Erdogan konterkarierte damit auch Bemühungen um eine Verständigung zwischen Ankara und Berlin. Die Türkei werde ihre "Taktik beim Wahlprogramm etwas ändern", sagte Yildirim demnach. Der türkische Aussenminister Mevlüt Cavusoglu will am Dienstag in Hamburg an einer Veranstaltung teilnehmen, wie die Polizei mitteilte. Außenminister Gabriel warnt vor einer weiteren Eskalation. "Wir dürfen das Fundament der Freundschaft zwischen unseren Ländern nicht kaputt machen lassen", schrieb der SPD-Chef in einem Gastbeitrag für die "Bild am Sonntag". "Ich bin Familienvater und habe meine Familie in der Türkei", sagt ein älterer Mann, der unerkannt bleiben will. "Ich möchte es mal so sagen: Ich bin hergekommen, um Freude zu bereiten". Der türkische Präsident Recep Tayyip Erdoğan macht Wahlkampf für seine Verfassungsreform, Deutschland dient ihm als willkommenes Feindbild.

Deutsche Politiker wie die Integrationsbeauftragte der Bundesregierung, Aydan Özguz, kritisierten die Reaktionen der türkischen Regierung. Dafür hatte sich Ministerpräsident Mark Rutte ausgesprochen.

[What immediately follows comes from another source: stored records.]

(* Let $C\subseteq\mathbb{F}_q^n$ be a linear code and $(A,B)$ a $2$-power $t$-error locating pair for $C$. Let $\mathbf{y}=\mathbf{c}+\mathbf{e}$ with $\mathbf{c}\in C$, $\mathrm{w}(\mathbf{e})=t$, $I_{\mathbf{e}}=\mathrm{supp}(\mathbf{e})$, and $M=M_1\cap M_2$ with $M_1=\{\mathbf{a}\in A\mid \langle \mathbf{a}*\mathbf{y},\mathbf{b}\rangle=0\ \forall \mathbf{b}\in B\}$, $M_2=\{\mathbf{a}\in A\mid \langle \mathbf{a}*\mathbf{y}^2,\mathbf{v}\rangle=0\ \forall \mathbf{v}\in (B^{\perp}*C)^{\perp}\}$. The following are equivalent: (i) $M=A(I_{\mathbf{e}})$; (ii) $M(I_{\mathbf{e}})=M$; (iii) $M_{I_{\mathbf{e}}}=\{0\}$.
   Context: All codes are $\mathbb{F}_q$-linear subspaces of $\mathbb{F}_q^n$. $\mathbf{u}*\mathbf{v}=(u_1v_1,\dots,u_nv_n)$, $\mathbf{u}^i=(u_1^i,\dots,u_n^i)$; $A*B$ is the span of all $\mathbf{a}*\mathbf{b}$; $\langle\mathbf{u},\mathbf{v}\rangle=\sum_iu_iv_i$, $X^\perp$ the dual. $\mathrm{w}$ Hamming weight, $\mathrm{d}$ minimum distance. For $J=\{j_1<\dots<j_s\}$, $\mathbf{x}_J=(x_{j_1},\dots,x_{j_s})$, $X_J=\{\mathbf{x}_J:\mathbf{x}\in X\}\subseteq\mathbb{F}_q^{|J|}$ (puncturing, keeping the coordinates in $J$), and $X(J)=\{\mathbf{x}\in X:\mathbf{x}_J=\mathbf{0}\}\subseteq\mathbb{F}_q^n$. A pair $(A,B)$ is a $2$-power $t$-error locating pair for $C$ if: (1) $A*B\subseteq C^\perp$; (2) $\dim A>t$; (3) $\mathrm{d}(A^\perp)>t$; (4) $\mathrm{d}(A)+\mathrm{d}(C)>n$; (5) $\dim B+\dim (B^\perp*C)^\perp\ge t$. *)

theory Defs
  imports "HOL-Analysis.Analysis"
begin

text \<open>Vectors of F_q^n are modelled as 'a ^ 'n with 'a a finite field and 'n a finite
  index type of cardinality n. Codes are subspaces w.r.t. the library scalar
  multiplication (*s); dimension is vec.dim. The componentwise (Schur) product
  u * v is the library's componentwise times on vec.\<close>

definition vpow :: "'a::field ^ 'n \<Rightarrow> nat \<Rightarrow> 'a ^ 'n" where
  "vpow u k = (\<chi> i. (u $ i) ^ k)"

definition schur_code :: "('a::field ^ 'n) set \<Rightarrow> ('a ^ 'n) set \<Rightarrow> ('a ^ 'n) set" where
  "schur_code A B = vec.span {a * b | a b. a \<in> A \<and> b \<in> B}"

definition dotp :: "'a::field ^ 'n \<Rightarrow> 'a ^ 'n \<Rightarrow> 'a" where
  "dotp u v = (\<Sum>i\<in>UNIV. u $ i * v $ i)"

definition dual :: "('a::field ^ 'n) set \<Rightarrow> ('a ^ 'n) set" where
  "dual X = {y. \<forall>x\<in>X. dotp x y = 0}"

definition supp :: "'a::zero ^ 'n \<Rightarrow> 'n set" where
  "supp x = {i. x $ i \<noteq> 0}"

definition hweight :: "'a::zero ^ 'n \<Rightarrow> nat" where
  "hweight x = card (supp x)"

text \<open>Minimum distance; for the zero code we use the convention d = n + 1
  (i.e. larger than any possible weight, playing the role of infinity).\<close>
definition mindist :: "('a::zero ^ 'n) set \<Rightarrow> nat" where
  "mindist X = (if X \<subseteq> {0} then CARD('n) + 1
                else Min (hweight ` (X - {0})))"

definition shorten :: "('a::zero ^ 'n) set \<Rightarrow> 'n set \<Rightarrow> ('a ^ 'n) set" where
  "shorten X J = {x \<in> X. \<forall>j\<in>J. x $ j = 0}"

text \<open>Puncturing X_J: keep the coordinates in J. Realised by zeroing the
  coordinates outside J (canonically isomorphic to the subset of F_q^|J|).\<close>
definition punct :: "('a::zero ^ 'n) set \<Rightarrow> 'n set \<Rightarrow> ('a ^ 'n) set" where
  "punct X J = (\<lambda>x. \<chi> i. if i \<in> J then x $ i else 0) ` X"

definition two_power_ELP ::
  "('a::{field,finite} ^ 'n) set \<Rightarrow> ('a ^ 'n) set \<Rightarrow> ('a ^ 'n) set \<Rightarrow> nat \<Rightarrow> bool" where
  "two_power_ELP A B C t \<longleftrightarrow>
     vec.subspace A \<and> vec.subspace B \<and>
     schur_code A B \<subseteq> dual C \<and>
     vec.dim A > t \<and>
     mindist (dual A) > t \<and>
     mindist A + mindist C > CARD('n) \<and>
     vec.dim B + vec.dim (dual (schur_code (dual B) C)) \<ge> t"

end

theory Submission
  imports Defs
begin

text \<open>A word a of A vanishing on the error positions I sees only the codeword part of
  y = c + e, so a * y = a * c and a * y^2 = (a * c) * c. Since A * B is orthogonal to C,
  the word a * c lies in the dual of B, and then (a * c) * c lies in (dual B) * C; these
  are exactly the defining equations of M1 and M2. Hence A(I) \<subseteq> M \<subseteq> A, and all
  three conditions say that M vanishes on I.\<close>

lemma dotp_commute: "dotp u v = dotp v (u :: 'a::field ^ 'n)"
  unfolding dotp_def by (simp add: mult.commute)

lemma dotp_mult_left: "dotp (a * u) v = dotp u (a * (v :: 'a::field ^ 'n))"
  unfolding dotp_def by (auto intro!: sum.cong simp: algebra_simps)

lemma dotp_dual_eq_0: "x \<in> X \<Longrightarrow> v \<in> dual X \<Longrightarrow> dotp x v = 0"
  unfolding dual_def by blast

lemma mult_in_schur_code: "a \<in> A \<Longrightarrow> b \<in> B \<Longrightarrow> a * b \<in> schur_code A B"
  unfolding schur_code_def by (rule vec.span_base) blast

lemma vpow_1: "vpow u 1 = u"
  unfolding vpow_def by (simp add: vec_eq_iff)

lemma vpow_2: "vpow u 2 = u * u"
  unfolding vpow_def by (simp add: vec_eq_iff power2_eq_square)

lemma mult_add_vanishing_supp:
  assumes "\<forall>j\<in>supp e. a $ j = 0"
  shows "a * vpow (c + e) k = a * vpow c k"
proof -
  have "a $ i * (c $ i + e $ i) ^ k = a $ i * c $ i ^ k" for i
    using assms unfolding supp_def by (cases "e $ i = 0") auto
  then show ?thesis unfolding vpow_def by (simp add: vec_eq_iff)
qed

lemma mult_in_dual_of_schur:
  assumes "schur_code A B \<subseteq> dual C" and "a \<in> A" and "c \<in> C"
  shows "a * c \<in> dual B"
proof -
  have "dotp b (a * c) = 0" if "b \<in> B" for b
  proof -
    have "a * b \<in> dual C" using assms mult_in_schur_code[OF \<open>a \<in> A\<close> that] by blast
    then have "dotp c (a * b) = 0" using \<open>c \<in> C\<close> by (rule dotp_dual_eq_0[rotated])
    then show ?thesis by (simp only: dotp_commute[of b] dotp_mult_left)
  qed
  then show ?thesis unfolding dual_def by blast
qed

lemma shorten_supp_error_orthogonal:
  assumes "schur_code A B \<subseteq> dual C" and "c \<in> C" and "a \<in> shorten A (supp e)"
  shows "\<forall>b\<in>B. dotp (a * (c + e)) b = 0"
    and "\<forall>v\<in>dual (schur_code (dual B) C). dotp (a * vpow (c + e) 2) v = 0"
proof -
  have "a \<in> A" and vanish: "\<forall>j\<in>supp e. a $ j = 0"
    using assms(3) unfolding shorten_def by auto
  have ac: "a * c \<in> dual B" by (rule mult_in_dual_of_schur[OF assms(1) \<open>a \<in> A\<close> assms(2)])
  have "a * (c + e) = a * c"
    using mult_add_vanishing_supp[OF vanish, of c 1] by (simp only: vpow_1)
  with ac show "\<forall>b\<in>B. dotp (a * (c + e)) b = 0"
    by (metis dotp_commute dotp_dual_eq_0)
  have "a * vpow (c + e) 2 = a * vpow c 2" by (rule mult_add_vanishing_supp[OF vanish])
  also have "\<dots> = (a * c) * c" by (simp only: vpow_2 mult.assoc)
  finally have "a * vpow (c + e) 2 = (a * c) * c" .
  moreover have "(a * c) * c \<in> schur_code (dual B) C"
    using mult_in_schur_code ac \<open>c \<in> C\<close> .
  ultimately show "\<forall>v\<in>dual (schur_code (dual B) C). dotp (a * vpow (c + e) 2) v = 0"
    by (simp add: dotp_dual_eq_0)
qed

lemma eq_shorten_iff_shorten_eq:
  assumes "shorten A I \<subseteq> M" and "M \<subseteq> A"
  shows "M = shorten A I \<longleftrightarrow> shorten M I = M"
  using assms unfolding shorten_def by blast

lemma shorten_eq_iff_punct_eq_0:
  fixes X :: "('a::zero ^ 'n) set"
  assumes "0 \<in> X"
  shows "shorten X I = X \<longleftrightarrow> punct X I = {0}"
proof -
  have restrict_0: "(\<chi> i. if i \<in> I then x $ i else 0) = 0 \<longleftrightarrow> (\<forall>j\<in>I. x $ j = 0)"
    for x :: "'a ^ 'n"
    by (auto simp: vec_eq_iff)
  have "punct X I = {0} \<longleftrightarrow> (\<forall>x\<in>X. (\<chi> i. if i \<in> I then x $ i else 0) = 0)"
    using assms unfolding punct_def by auto
  also have "\<dots> \<longleftrightarrow> shorten X I = X"
    unfolding restrict_0 shorten_def by blast
  finally show ?thesis by (rule sym)
qed

theorem lemma3p7:
  fixes C A B :: "('a::{field,finite} ^ 'n) set"
    and c e y :: "'a ^ 'n" and t :: nat
  assumes "vec.subspace C"
    and "two_power_ELP A B C t"
    and "c \<in> C" and "hweight e = t" and "y = c + e"
  defines "M1 \<equiv> {a \<in> A. \<forall>b\<in>B. dotp (a * y) b = 0}"
    and "M2 \<equiv> {a \<in> A. \<forall>v\<in>dual (schur_code (dual B) C). dotp (a * vpow y 2) v = 0}"
  defines "M \<equiv> M1 \<inter> M2"
  shows "(M = shorten A (supp e) \<longleftrightarrow> shorten M (supp e) = M)
       \<and> (shorten M (supp e) = M \<longleftrightarrow> punct M (supp e) = {0})"
proof -
  have "vec.subspace A" and AB: "schur_code A B \<subseteq> dual C"
    using assms(2) unfolding two_power_ELP_def by auto
  have "M \<subseteq> A" unfolding M_def M1_def by blast
  have shorten_le_M: "shorten A (supp e) \<subseteq> M"
  proof
    fix a assume "a \<in> shorten A (supp e)"
    then show "a \<in> M"
      using shorten_supp_error_orthogonal[OF AB \<open>c \<in> C\<close>]
      unfolding M_def M1_def M2_def \<open>y = c + e\<close> shorten_def by auto
  qed
  have "0 \<in> shorten A (supp e)"
    using vec.subspace_0[OF \<open>vec.subspace A\<close>] unfolding shorten_def by simp
  then have "0 \<in> M" using shorten_le_M by blast
  show ?thesis
    by (intro conjI eq_shorten_iff_shorten_eq[OF shorten_le_M \<open>M \<subseteq> A\<close>]
        shorten_eq_iff_punct_eq_0[OF \<open>0 \<in> M\<close>])
qed

end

Zu einer deutlichen Abkühlung des deutsch-türkischen Verhältnisses war es bereits nach dem Putschversuch vom 15. Juli 2016 gekommen: Nach den Geschehnissen, bei denen mehr als 240 Menschen getötet wurden, bemängelten türkische Politiker mangelnde Solidarität in Deutschland. "Deutschland darf nicht Schauplatz und Austragungsort innertürkischer Konflikte werden". Noch ist die Zollunion aber nicht Gegenstand im aktuellen Streit. Unter anderem hat sich Kanzlerin Angela Merkel (CDU) dafür eingesetzt, um die Zahl der Migranten nach Deutschland zu reduzieren. Die Versammlungsfreiheit wird im Grundgesetz also nur für deutsche Staatsbürger garantiert. Verteidigungsministerin Ursula von der Leyen (CDU) reist daraufhin demonstrativ zu den Bundeswehr-Soldaten. Unter ihnen sind traditionell viele Erdogan-Anhänger. Seitdem gilt in dem Land der Ausnahmezustand. Erdogan spricht von der Wiedereinführung der Todesstrafe. Eine Sorge, die auch Gökay Sofuoglu umtreibt, den Bundesvorsitzenden der Türkischen Gemeinde in Deutschland. Abgesehen von legitimen sicherheitspolitischen Erwägungen können Kommunalpolitiker in einem Umfeld, in dem vier von fünf durch Erdogans Provokationen verärgerte Deutsche diese Auftritte ablehnen, von Verboten nur profitieren. Aus den vorläufigen Papieren sei kein Diplomatenstatus erkennbar. Deswegen hat sie selbst in Deutschland keinen Anspruch darauf. Ankara droht mit "sehr ernsten Folgen". Imame hätten Gülen-Anhänger in Deutschland bespitzelt und Informationen nach Ankara geschickt. Schon bisher wurde ihm Propaganda für eine terroristische Vereinigung und Aufwiegelung der Bevölkerung vorgeworfen. 13 Tage später kommt er in Untersuchungshaft, die bis zu fünf Jahre dauern kann.

"Skandal", Frechheit", "Schande:" Das Presseecho in der Türkei nach den geplatzten Auftritten von Justizminister Bekir Bozdag und Wirtschaftsminister Nihat Zeybekci in der Bundesrepublik war eindeutig.